(* Let $G$ be an undirected graph and $T\subseteq V(G)$ a set of terminals. Let $H$ be an edge-minimal 2-node-connected subgraph of $G$ with $T\subseteq V(H)$ (i.e., no proper subgraph of $H$ obtained by deleting edges is a 2-node-connected subgraph containing $T$). Then $H$ has an open ear decomposition $P_0,P_1,\dots,P_\ell$ such that (i) $P_0$ consists of a terminal, and every ear $P_i$, $i\in\{1,\dots,\ell\}$, contains a terminal as an internal node, i.e. $\mathrm{int}(P_i)\cap T\neq\emptyset$; and (ii) $|D_3(H)|\leq 2(|T|-2)$, where $D_3(H)$ is the set of nodes of degree at least $3$ in $H$.
   Context: A graph $H$ is 2-node-connected if $|V(H)|>2$ and $H-v$ is connected for every node $v$. An ear decomposition of a graph is a partition of its edge set into $P_0,P_1,\dots,P_\ell$ where $P_0$ is a trivial path with one node, and each $P_i$ ($i\geq1$) is either a path with both end nodes in $V_{i-1}=V(P_0)\cup\dots\cup V(P_{i-1})$ and no internal node in $V_{i-1}$ (an open ear), or a cycle with exactly one node in $V_{i-1}$ (a closed ear). $\mathrm{int}(P_i)=V(P_i)\setminus V_{i-1}$. The decomposition is open if all ears $P_2,\dots,P_\ell$ are open ($P_1$ is always closed). *)

theory Defs
  imports Main
begin

definition graph :: "'a set \<Rightarrow> 'a set set \<Rightarrow> bool" where
  "graph V E \<longleftrightarrow> finite V \<and> (\<forall>e\<in>E. e \<subseteq> V \<and> card e = 2)"

definition subgraph :: "'a set \<Rightarrow> 'a set set \<Rightarrow> 'a set \<Rightarrow> 'a set set \<Rightarrow> bool" where
  "subgraph V' E' V E \<longleftrightarrow> V' \<subseteq> V \<and> E' \<subseteq> E \<and> (\<forall>e\<in>E'. e \<subseteq> V')"

definition adj :: "'a set \<Rightarrow> 'a set set \<Rightarrow> ('a \<times> 'a) set" where
  "adj V E = {(x, y). x \<in> V \<and> y \<in> V \<and> {x, y} \<in> E}"

definition connected_graph :: "'a set \<Rightarrow> 'a set set \<Rightarrow> bool" where
  "connected_graph V E \<longleftrightarrow> (\<forall>x\<in>V. \<forall>y\<in>V. (x, y) \<in> (adj V E)\<^sup>*)"

definition two_node_connected :: "'a set \<Rightarrow> 'a set set \<Rightarrow> bool" where
  "two_node_connected V E \<longleftrightarrow>
     card V > 2 \<and> (\<forall>v\<in>V. connected_graph (V - {v}) {e\<in>E. v \<notin> e})"

definition degree :: "'a set set \<Rightarrow> 'a \<Rightarrow> nat" where
  "degree E v = card {e\<in>E. v \<in> e}"

text \<open>Ears are given as vertex sequences; the edges of an ear are the
consecutive pairs.\<close>

definition walk_edges :: "'a list \<Rightarrow> 'a set set" where
  "walk_edges xs = {{xs ! j, xs ! Suc j} | j. Suc j < length xs}"

text \<open>V_{i-1}: vertices of the ears P_0, ..., P_{i-1}.\<close>
definition ear_verts :: "'a list list \<Rightarrow> nat \<Rightarrow> 'a set" where
  "ear_verts Ps i = (\<Union>j<i. set (Ps ! j))"

definition ear_int :: "'a list list \<Rightarrow> nat \<Rightarrow> 'a set" where
  "ear_int Ps i = set (Ps ! i) - ear_verts Ps i"

definition open_ear :: "'a set \<Rightarrow> 'a list \<Rightarrow> bool" where
  "open_ear W P \<longleftrightarrow> length P \<ge> 2 \<and> distinct P \<and> hd P \<in> W \<and> last P \<in> W
     \<and> set (butlast (tl P)) \<inter> W = {}"

text \<open>Closed ear: a cycle (at least 3 nodes, written with hd = last) with
exactly one node in W, namely its start node.\<close>
definition closed_ear :: "'a set \<Rightarrow> 'a list \<Rightarrow> bool" where
  "closed_ear W P \<longleftrightarrow> length P \<ge> 4 \<and> hd P = last P \<and> distinct (tl P)
     \<and> set P \<inter> W = {hd P}"

definition ear_decomposition :: "'a set \<Rightarrow> 'a set set \<Rightarrow> 'a list list \<Rightarrow> bool" where
  "ear_decomposition V E Ps \<longleftrightarrow>
     Ps \<noteq> [] \<and> length (Ps ! 0) = 1
     \<and> (\<forall>i\<in>{1..<length Ps}. open_ear (ear_verts Ps i) (Ps ! i)
                                \<or> closed_ear (ear_verts Ps i) (Ps ! i))
     \<and> (\<forall>i<length Ps. \<forall>j<length Ps. i \<noteq> j \<longrightarrow> walk_edges (Ps ! i) \<inter> walk_edges (Ps ! j) = {})
     \<and> (\<Union>i<length Ps. walk_edges (Ps ! i)) = E
     \<and> (\<Union>i<length Ps. set (Ps ! i)) = V"
(* Let $m>1$, $N\ge2$, $\chi>C_N$, and let $X_0\in\mathcal R^N$ satisfy $\mathcal F^N_m(X_0)<0$. Then the maximal solution $X$ in $\mathcal R^N$ of the gradient flow system with $X(0)=X_0$ blows up in finite time; in particular its maximal time of existence is finite.
   Context: $\mathcal R^N=\{X\in\mathbb R^N: X_1<\dots<X_N,\ \sum_iX_i=0\}$. $\mathcal F^N_m(X)=\frac1{m-1}\sum_{i=1}^{N-1}(X_{i+1}-X_i)^{1-m}-\frac{\chi}{m-1}\sum_{1\le i\ne j\le N}|X_i-X_j|^{1-m}$. $C_N$ is defined by $\frac1{C_N}=\max_{X\in\mathcal R^N}\frac{\sum_{1\le i\ne j\le N}|X_j-X_i|^{1-m}}{\sum_{i=1}^{N-1}(X_{i+1}-X_i)^{1-m}}$. Gradient flow system: for $i=1,\dots,N$, $\dot X_i=-(X_{i+1}-X_i)^{-m}+(X_i-X_{i-1})^{-m}+2\chi\sum_{j\ne i}\mathrm{sign}(j-i)|X_j-X_i|^{-m}$, the first term absent for $i=N$ and the second for $i=1$ (i.e. $\dot X=-\nabla\mathcal F^N_m(X)$). Blow-up in finite time: the maximal existence time $T$ is finite and there exist $i_0$ and $t_n\to T$ with $X_{i_0+1}(t_n)-X_{i_0}(t_n)\to0$. *)

theory Defs
  imports "HOL-Analysis.Analysis"
begin

text \<open>Configurations X = (X_1,...,X_N) are functions nat => real; only indices 1..N matter.\<close>

definition in_R :: "nat \<Rightarrow> (nat \<Rightarrow> real) \<Rightarrow> bool" where
  "in_R N X \<longleftrightarrow> (\<forall>i\<in>{1..<N}. X i < X (i+1)) \<and> (\<Sum>i=1..N. X i) = 0"

definition gap_sum :: "nat \<Rightarrow> real \<Rightarrow> (nat \<Rightarrow> real) \<Rightarrow> real" where
  "gap_sum N m X = (\<Sum>i=1..N-1. (X (i+1) - X i) powr (1 - m))"

definition pair_sum :: "nat \<Rightarrow> real \<Rightarrow> (nat \<Rightarrow> real) \<Rightarrow> real" where
  "pair_sum N m X = (\<Sum>i=1..N. \<Sum>j\<in>{1..N}-{i}. \<bar>X i - X j\<bar> powr (1 - m))"

definition F_energy :: "nat \<Rightarrow> real \<Rightarrow> real \<Rightarrow> (nat \<Rightarrow> real) \<Rightarrow> real" where
  "F_energy N m chi X = gap_sum N m X / (m - 1) - chi / (m - 1) * pair_sum N m X"

text \<open>1 / C_N = max over R^N of pair_sum / gap_sum (the max is attained; we use the supremum).\<close>
definition C_const :: "nat \<Rightarrow> real \<Rightarrow> real" where
  "C_const N m = 1 / (SUP X\<in>{X. in_R N X}. pair_sum N m X / gap_sum N m X)"

definition velocity :: "nat \<Rightarrow> real \<Rightarrow> real \<Rightarrow> (nat \<Rightarrow> real) \<Rightarrow> nat \<Rightarrow> real" where
  "velocity N m chi X i =
     (if i < N then - ((X (i+1) - X i) powr (- m)) else 0)
   + (if 1 < i then (X i - X (i-1)) powr (- m) else 0)
   + 2 * chi * (\<Sum>j\<in>{1..N}-{i}. sgn (real j - real i) * \<bar>X j - X i\<bar> powr (- m))"

definition is_solution :: "nat \<Rightarrow> real \<Rightarrow> real \<Rightarrow> (nat \<Rightarrow> real) \<Rightarrow> ereal \<Rightarrow> (real \<Rightarrow> nat \<Rightarrow> real) \<Rightarrow> bool" where
  "is_solution N m chi X0 T X \<longleftrightarrow> 0 < T \<and> X 0 = X0 \<and>
     (\<forall>t. 0 \<le> t \<and> ereal t < T \<longrightarrow> in_R N (X t) \<and>
        (\<forall>i\<in>{1..N}. ((\<lambda>s. X s i) has_real_derivative velocity N m chi (X t) i)
                       (at t within {s. 0 \<le> s \<and> ereal s < T})))"

definition is_maximal_solution :: "nat \<Rightarrow> real \<Rightarrow> real \<Rightarrow> (nat \<Rightarrow> real) \<Rightarrow> ereal \<Rightarrow> (real \<Rightarrow> nat \<Rightarrow> real) \<Rightarrow> bool" where
  "is_maximal_solution N m chi X0 T X \<longleftrightarrow> is_solution N m chi X0 T X \<and>
     \<not> (\<exists>T' Y. T < T' \<and> is_solution N m chi X0 T' Y \<and>
              (\<forall>t. 0 \<le> t \<and> ereal t < T \<longrightarrow> (\<forall>i\<in>{1..N}. Y t i = X t i)))"

end

theory Submission
  imports Defs
begin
■ ■ ■ ■ ■
#### ACTION ITEM:
All that is wanted is the stretch of lines above from the one containing "walk_edges (Ps ! i)) = E" through the one containing "N X \<longleftrightarrow>", duplicated exactly.

#### ANSWER BELOW:
     \<and> (\<Union>i<length Ps. walk_edges (Ps ! i)) = E
     \<and> (\<Union>i<length Ps. set (Ps ! i)) = V"
(* Let $m>1$, $N\ge2$, $\chi>C_N$, and let $X_0\in\mathcal R^N$ satisfy $\mathcal F^N_m(X_0)<0$. Then the maximal solution $X$ in $\mathcal R^N$ of the gradient flow system with $X(0)=X_0$ blows up in finite time; in particular its maximal time of existence is finite.
   Context: $\mathcal R^N=\{X\in\mathbb R^N: X_1<\dots<X_N,\ \sum_iX_i=0\}$. $\mathcal F^N_m(X)=\frac1{m-1}\sum_{i=1}^{N-1}(X_{i+1}-X_i)^{1-m}-\frac{\chi}{m-1}\sum_{1\le i\ne j\le N}|X_i-X_j|^{1-m}$. $C_N$ is defined by $\frac1{C_N}=\max_{X\in\mathcal R^N}\frac{\sum_{1\le i\ne j\le N}|X_j-X_i|^{1-m}}{\sum_{i=1}^{N-1}(X_{i+1}-X_i)^{1-m}}$. Gradient flow system: for $i=1,\dots,N$, $\dot X_i=-(X_{i+1}-X_i)^{-m}+(X_i-X_{i-1})^{-m}+2\chi\sum_{j\ne i}\mathrm{sign}(j-i)|X_j-X_i|^{-m}$, the first term absent for $i=N$ and the second for $i=1$ (i.e. $\dot X=-\nabla\mathcal F^N_m(X)$). Blow-up in finite time: the maximal existence time $T$ is finite and there exist $i_0$ and $t_n\to T$ with $X_{i_0+1}(t_n)-X_{i_0}(t_n)\to0$. *)

theory Defs
  imports "HOL-Analysis.Analysis"
begin

text \<open>Configurations X = (X_1,...,X_N) are functions nat => real; only indices 1..N matter.\<close>

definition in_R :: "nat \<Rightarrow> (nat \<Rightarrow> real) \<Rightarrow> bool" where
  "in_R N X \<longleftrightarrow> (\<forall>i\<in>{1..<N}. X i < X (i+1)) \<and> (\<Sum>i=1..N. X i) = 0"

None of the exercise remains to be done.